Give again, word for word, each line from the top of the listing through the line that holds "D \<Longrightarrow> f".

____________________

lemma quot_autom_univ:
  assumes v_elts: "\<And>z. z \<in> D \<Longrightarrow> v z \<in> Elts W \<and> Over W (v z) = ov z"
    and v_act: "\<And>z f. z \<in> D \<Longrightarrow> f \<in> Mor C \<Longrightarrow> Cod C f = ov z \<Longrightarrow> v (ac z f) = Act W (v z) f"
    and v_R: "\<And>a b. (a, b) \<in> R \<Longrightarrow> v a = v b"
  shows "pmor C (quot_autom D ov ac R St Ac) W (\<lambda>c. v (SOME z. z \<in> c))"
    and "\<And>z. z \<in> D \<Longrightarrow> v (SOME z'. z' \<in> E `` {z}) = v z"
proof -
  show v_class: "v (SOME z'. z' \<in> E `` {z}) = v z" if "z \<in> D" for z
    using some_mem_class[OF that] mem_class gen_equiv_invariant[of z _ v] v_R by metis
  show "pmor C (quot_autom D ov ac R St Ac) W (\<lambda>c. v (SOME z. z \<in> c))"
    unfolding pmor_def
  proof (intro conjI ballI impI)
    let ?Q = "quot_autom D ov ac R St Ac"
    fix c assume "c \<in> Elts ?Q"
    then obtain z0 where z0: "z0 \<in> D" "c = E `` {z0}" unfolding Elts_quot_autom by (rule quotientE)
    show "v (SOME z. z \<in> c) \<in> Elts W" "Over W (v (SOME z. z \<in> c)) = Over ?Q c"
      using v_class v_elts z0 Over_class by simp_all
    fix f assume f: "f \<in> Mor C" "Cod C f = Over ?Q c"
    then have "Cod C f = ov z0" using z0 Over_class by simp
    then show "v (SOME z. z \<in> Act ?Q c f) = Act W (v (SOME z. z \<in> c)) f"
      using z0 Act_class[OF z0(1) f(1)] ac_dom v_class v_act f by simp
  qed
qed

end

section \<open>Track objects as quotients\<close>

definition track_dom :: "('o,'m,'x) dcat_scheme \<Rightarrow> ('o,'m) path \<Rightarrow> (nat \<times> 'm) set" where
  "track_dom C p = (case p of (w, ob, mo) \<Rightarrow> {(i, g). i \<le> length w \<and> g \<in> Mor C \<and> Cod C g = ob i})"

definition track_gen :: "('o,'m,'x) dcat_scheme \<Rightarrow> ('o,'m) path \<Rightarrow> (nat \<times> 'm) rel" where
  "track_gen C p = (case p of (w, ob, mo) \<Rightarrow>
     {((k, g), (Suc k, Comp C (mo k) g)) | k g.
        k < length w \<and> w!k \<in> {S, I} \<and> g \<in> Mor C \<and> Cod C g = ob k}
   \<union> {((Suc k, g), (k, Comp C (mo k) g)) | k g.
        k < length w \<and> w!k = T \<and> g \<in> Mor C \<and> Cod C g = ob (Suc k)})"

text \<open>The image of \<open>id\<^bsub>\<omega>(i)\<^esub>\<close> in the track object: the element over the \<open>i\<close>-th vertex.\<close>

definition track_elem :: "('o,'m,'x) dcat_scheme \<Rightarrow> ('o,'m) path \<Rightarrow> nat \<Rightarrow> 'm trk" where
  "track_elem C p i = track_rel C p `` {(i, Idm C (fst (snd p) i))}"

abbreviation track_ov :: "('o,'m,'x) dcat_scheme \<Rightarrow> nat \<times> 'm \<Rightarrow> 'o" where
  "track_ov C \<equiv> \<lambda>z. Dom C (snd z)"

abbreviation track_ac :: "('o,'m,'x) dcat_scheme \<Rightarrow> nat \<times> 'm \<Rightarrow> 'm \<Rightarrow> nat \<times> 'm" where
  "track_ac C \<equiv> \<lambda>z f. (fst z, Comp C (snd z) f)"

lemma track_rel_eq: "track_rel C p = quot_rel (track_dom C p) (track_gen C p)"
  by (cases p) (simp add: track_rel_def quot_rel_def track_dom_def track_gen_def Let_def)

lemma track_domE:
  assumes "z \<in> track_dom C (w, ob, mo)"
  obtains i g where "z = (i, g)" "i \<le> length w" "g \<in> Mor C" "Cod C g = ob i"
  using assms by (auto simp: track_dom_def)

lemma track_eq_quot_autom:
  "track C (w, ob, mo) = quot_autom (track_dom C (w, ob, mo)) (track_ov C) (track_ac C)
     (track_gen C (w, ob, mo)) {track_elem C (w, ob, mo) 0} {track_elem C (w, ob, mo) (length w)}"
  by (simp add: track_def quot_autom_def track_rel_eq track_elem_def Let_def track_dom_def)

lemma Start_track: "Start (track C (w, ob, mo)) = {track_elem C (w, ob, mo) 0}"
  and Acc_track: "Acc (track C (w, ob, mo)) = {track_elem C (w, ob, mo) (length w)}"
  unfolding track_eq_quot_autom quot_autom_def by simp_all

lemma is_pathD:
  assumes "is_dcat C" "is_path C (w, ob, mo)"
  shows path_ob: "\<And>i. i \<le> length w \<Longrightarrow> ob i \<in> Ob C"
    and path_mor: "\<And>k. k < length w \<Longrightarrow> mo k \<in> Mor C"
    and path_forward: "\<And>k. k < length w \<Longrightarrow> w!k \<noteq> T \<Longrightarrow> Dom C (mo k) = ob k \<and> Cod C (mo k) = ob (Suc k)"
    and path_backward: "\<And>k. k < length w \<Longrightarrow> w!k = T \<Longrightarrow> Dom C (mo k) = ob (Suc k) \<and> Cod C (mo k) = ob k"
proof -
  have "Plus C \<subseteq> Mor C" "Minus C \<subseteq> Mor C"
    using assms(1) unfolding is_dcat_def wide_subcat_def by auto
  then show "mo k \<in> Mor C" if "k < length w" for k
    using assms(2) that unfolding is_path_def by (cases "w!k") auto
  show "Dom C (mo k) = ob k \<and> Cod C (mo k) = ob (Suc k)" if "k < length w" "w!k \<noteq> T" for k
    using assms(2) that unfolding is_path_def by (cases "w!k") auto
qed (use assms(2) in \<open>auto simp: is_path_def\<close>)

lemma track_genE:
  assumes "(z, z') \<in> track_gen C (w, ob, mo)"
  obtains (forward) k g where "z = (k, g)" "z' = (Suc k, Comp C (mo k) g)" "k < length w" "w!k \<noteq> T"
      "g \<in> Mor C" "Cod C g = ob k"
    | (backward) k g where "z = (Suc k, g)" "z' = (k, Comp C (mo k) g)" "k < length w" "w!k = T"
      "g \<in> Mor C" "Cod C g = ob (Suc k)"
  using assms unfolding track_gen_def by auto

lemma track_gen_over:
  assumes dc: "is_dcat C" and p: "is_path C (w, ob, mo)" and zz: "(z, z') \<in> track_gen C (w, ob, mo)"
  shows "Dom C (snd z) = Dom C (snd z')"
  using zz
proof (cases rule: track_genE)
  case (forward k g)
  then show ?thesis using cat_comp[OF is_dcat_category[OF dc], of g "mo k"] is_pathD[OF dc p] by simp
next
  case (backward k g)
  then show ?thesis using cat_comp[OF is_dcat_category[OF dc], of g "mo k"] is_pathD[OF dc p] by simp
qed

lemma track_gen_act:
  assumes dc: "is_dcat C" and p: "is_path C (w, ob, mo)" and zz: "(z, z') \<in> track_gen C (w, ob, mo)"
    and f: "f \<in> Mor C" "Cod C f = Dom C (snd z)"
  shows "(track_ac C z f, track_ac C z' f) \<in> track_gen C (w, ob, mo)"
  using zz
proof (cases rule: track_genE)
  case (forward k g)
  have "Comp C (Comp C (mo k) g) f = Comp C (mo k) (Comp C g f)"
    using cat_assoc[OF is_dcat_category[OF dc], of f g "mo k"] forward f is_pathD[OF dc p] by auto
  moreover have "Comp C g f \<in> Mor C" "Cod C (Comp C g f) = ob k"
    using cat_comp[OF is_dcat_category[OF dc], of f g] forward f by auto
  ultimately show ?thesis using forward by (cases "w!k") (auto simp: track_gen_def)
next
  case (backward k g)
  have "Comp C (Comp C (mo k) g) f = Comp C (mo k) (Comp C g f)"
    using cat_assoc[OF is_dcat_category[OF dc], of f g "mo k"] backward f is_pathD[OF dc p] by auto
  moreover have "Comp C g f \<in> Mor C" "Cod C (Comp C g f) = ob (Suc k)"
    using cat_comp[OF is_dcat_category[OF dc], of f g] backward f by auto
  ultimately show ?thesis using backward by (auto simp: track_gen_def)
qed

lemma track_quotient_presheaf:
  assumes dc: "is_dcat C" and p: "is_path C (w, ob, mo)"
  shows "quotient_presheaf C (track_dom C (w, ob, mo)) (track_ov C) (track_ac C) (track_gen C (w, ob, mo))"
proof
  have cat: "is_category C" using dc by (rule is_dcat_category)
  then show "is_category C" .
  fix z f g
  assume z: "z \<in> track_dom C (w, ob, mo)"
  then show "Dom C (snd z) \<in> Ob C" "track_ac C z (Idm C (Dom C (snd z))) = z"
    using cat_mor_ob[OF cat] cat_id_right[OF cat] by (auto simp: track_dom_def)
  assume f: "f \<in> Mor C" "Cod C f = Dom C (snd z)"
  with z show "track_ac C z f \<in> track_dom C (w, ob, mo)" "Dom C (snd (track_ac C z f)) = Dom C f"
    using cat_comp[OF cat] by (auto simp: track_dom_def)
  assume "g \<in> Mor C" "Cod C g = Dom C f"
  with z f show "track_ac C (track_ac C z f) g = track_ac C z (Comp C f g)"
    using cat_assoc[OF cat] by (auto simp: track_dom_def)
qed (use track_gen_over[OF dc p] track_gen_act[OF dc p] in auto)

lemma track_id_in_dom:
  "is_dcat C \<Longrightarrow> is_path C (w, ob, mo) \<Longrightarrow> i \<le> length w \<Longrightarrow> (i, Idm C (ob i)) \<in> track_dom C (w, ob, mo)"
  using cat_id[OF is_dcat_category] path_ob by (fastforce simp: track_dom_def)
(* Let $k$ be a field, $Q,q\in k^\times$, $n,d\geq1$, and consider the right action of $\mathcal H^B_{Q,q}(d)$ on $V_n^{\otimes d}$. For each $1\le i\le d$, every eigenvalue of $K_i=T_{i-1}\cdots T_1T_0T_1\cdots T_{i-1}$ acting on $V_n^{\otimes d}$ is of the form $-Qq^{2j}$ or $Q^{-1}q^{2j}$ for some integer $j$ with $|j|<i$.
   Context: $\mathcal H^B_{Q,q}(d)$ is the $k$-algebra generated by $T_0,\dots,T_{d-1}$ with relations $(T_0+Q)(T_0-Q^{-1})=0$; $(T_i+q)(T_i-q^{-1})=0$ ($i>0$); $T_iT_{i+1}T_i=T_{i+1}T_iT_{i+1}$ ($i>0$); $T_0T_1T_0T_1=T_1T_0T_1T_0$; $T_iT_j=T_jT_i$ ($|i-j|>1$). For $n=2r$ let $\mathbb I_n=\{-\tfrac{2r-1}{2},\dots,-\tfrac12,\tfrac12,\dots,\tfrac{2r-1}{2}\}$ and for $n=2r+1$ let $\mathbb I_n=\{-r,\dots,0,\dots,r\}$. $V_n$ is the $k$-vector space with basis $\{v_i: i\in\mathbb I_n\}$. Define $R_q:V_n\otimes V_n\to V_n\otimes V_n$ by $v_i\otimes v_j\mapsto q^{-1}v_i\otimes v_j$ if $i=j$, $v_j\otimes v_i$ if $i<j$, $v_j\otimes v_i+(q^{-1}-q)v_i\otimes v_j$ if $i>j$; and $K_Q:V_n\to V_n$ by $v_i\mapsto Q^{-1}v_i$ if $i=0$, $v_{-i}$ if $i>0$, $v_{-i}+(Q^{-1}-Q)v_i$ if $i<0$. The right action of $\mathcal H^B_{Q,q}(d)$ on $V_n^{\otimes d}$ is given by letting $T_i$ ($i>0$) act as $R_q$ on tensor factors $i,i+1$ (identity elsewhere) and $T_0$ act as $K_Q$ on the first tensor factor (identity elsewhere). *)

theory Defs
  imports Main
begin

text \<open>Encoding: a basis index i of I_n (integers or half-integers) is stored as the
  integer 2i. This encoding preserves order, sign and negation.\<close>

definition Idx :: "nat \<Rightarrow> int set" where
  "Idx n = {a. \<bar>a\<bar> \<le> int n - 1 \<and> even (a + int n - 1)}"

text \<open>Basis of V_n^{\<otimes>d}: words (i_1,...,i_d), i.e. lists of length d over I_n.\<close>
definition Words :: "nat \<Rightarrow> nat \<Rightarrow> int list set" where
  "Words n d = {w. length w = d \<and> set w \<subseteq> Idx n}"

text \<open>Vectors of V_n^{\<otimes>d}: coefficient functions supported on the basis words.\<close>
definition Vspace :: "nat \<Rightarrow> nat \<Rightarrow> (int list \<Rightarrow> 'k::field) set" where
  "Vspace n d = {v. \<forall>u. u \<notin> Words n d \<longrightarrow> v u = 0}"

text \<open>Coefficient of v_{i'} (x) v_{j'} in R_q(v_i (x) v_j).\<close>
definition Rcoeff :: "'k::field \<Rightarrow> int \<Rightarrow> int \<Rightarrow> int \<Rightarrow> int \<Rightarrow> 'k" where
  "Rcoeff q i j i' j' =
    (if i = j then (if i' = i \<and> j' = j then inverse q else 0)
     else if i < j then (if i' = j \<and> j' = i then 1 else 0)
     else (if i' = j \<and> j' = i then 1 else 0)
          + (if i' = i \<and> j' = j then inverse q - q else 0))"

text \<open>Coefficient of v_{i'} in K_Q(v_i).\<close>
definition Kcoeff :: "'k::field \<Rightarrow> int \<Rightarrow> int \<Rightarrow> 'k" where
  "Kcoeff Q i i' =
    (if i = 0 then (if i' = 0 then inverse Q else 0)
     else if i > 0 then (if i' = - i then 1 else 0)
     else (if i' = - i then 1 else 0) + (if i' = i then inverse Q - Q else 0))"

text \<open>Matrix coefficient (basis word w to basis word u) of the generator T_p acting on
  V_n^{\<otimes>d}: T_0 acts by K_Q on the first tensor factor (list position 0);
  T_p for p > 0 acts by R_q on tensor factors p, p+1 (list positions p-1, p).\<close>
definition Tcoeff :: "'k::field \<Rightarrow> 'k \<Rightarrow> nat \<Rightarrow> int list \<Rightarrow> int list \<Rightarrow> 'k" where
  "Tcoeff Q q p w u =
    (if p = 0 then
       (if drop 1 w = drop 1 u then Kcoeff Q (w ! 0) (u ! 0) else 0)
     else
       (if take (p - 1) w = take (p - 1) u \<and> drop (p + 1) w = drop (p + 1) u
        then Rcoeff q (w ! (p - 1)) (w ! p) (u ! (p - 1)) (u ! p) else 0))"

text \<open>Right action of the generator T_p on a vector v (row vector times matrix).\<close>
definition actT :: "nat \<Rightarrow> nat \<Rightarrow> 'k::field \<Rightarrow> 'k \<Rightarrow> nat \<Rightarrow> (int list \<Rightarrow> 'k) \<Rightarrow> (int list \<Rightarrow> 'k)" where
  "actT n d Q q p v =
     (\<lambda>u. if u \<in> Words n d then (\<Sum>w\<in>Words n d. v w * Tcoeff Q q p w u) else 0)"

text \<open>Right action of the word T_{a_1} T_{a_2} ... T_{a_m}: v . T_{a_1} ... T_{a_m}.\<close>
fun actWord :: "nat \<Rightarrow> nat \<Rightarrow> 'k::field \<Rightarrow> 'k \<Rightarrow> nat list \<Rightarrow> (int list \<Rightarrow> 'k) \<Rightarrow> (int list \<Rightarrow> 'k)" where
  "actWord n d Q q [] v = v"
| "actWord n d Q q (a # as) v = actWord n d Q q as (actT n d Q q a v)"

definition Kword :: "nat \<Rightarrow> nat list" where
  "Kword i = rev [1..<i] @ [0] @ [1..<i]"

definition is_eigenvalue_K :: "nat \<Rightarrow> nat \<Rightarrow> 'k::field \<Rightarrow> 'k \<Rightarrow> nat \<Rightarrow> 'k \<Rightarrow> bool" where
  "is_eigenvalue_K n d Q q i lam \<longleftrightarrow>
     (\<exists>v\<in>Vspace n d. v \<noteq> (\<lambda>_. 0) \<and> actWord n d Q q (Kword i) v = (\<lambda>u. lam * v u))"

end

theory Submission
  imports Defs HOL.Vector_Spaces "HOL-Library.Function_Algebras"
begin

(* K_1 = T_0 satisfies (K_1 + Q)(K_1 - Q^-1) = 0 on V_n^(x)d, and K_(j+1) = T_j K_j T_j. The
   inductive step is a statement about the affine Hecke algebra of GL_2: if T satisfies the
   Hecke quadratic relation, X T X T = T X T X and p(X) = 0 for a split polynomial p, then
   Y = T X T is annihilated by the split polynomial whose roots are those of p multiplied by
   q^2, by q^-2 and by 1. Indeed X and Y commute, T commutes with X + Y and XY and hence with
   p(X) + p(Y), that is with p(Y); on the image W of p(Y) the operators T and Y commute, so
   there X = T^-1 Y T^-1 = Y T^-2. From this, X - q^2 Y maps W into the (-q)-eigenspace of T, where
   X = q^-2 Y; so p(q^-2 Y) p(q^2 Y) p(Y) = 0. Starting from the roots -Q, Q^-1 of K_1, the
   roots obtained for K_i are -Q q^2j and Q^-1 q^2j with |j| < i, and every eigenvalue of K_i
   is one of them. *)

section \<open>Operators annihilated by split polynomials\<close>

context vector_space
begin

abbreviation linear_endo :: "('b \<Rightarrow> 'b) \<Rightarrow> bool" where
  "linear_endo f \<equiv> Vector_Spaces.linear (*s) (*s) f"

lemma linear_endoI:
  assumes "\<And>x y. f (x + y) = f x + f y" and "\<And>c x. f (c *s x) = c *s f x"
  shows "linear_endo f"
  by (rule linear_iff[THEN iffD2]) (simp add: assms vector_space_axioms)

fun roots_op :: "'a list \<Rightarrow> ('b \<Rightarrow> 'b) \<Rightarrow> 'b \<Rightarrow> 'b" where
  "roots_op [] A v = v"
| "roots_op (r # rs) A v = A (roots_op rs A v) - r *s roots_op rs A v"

____________________

▸ **ANSWER FOR THIS EXERCISE**
lemma quot_autom_univ:
  assumes v_elts: "\<And>z. z \<in> D \<Longrightarrow> v z \<in> Elts W \<and> Over W (v z) = ov z"
    and v_act: "\<And>z f. z \<in> D \<Longrightarrow> f \<in> Mor C \<Longrightarrow> Cod C f = ov z \<Longrightarrow> v (ac z f) = Act W (v z) f"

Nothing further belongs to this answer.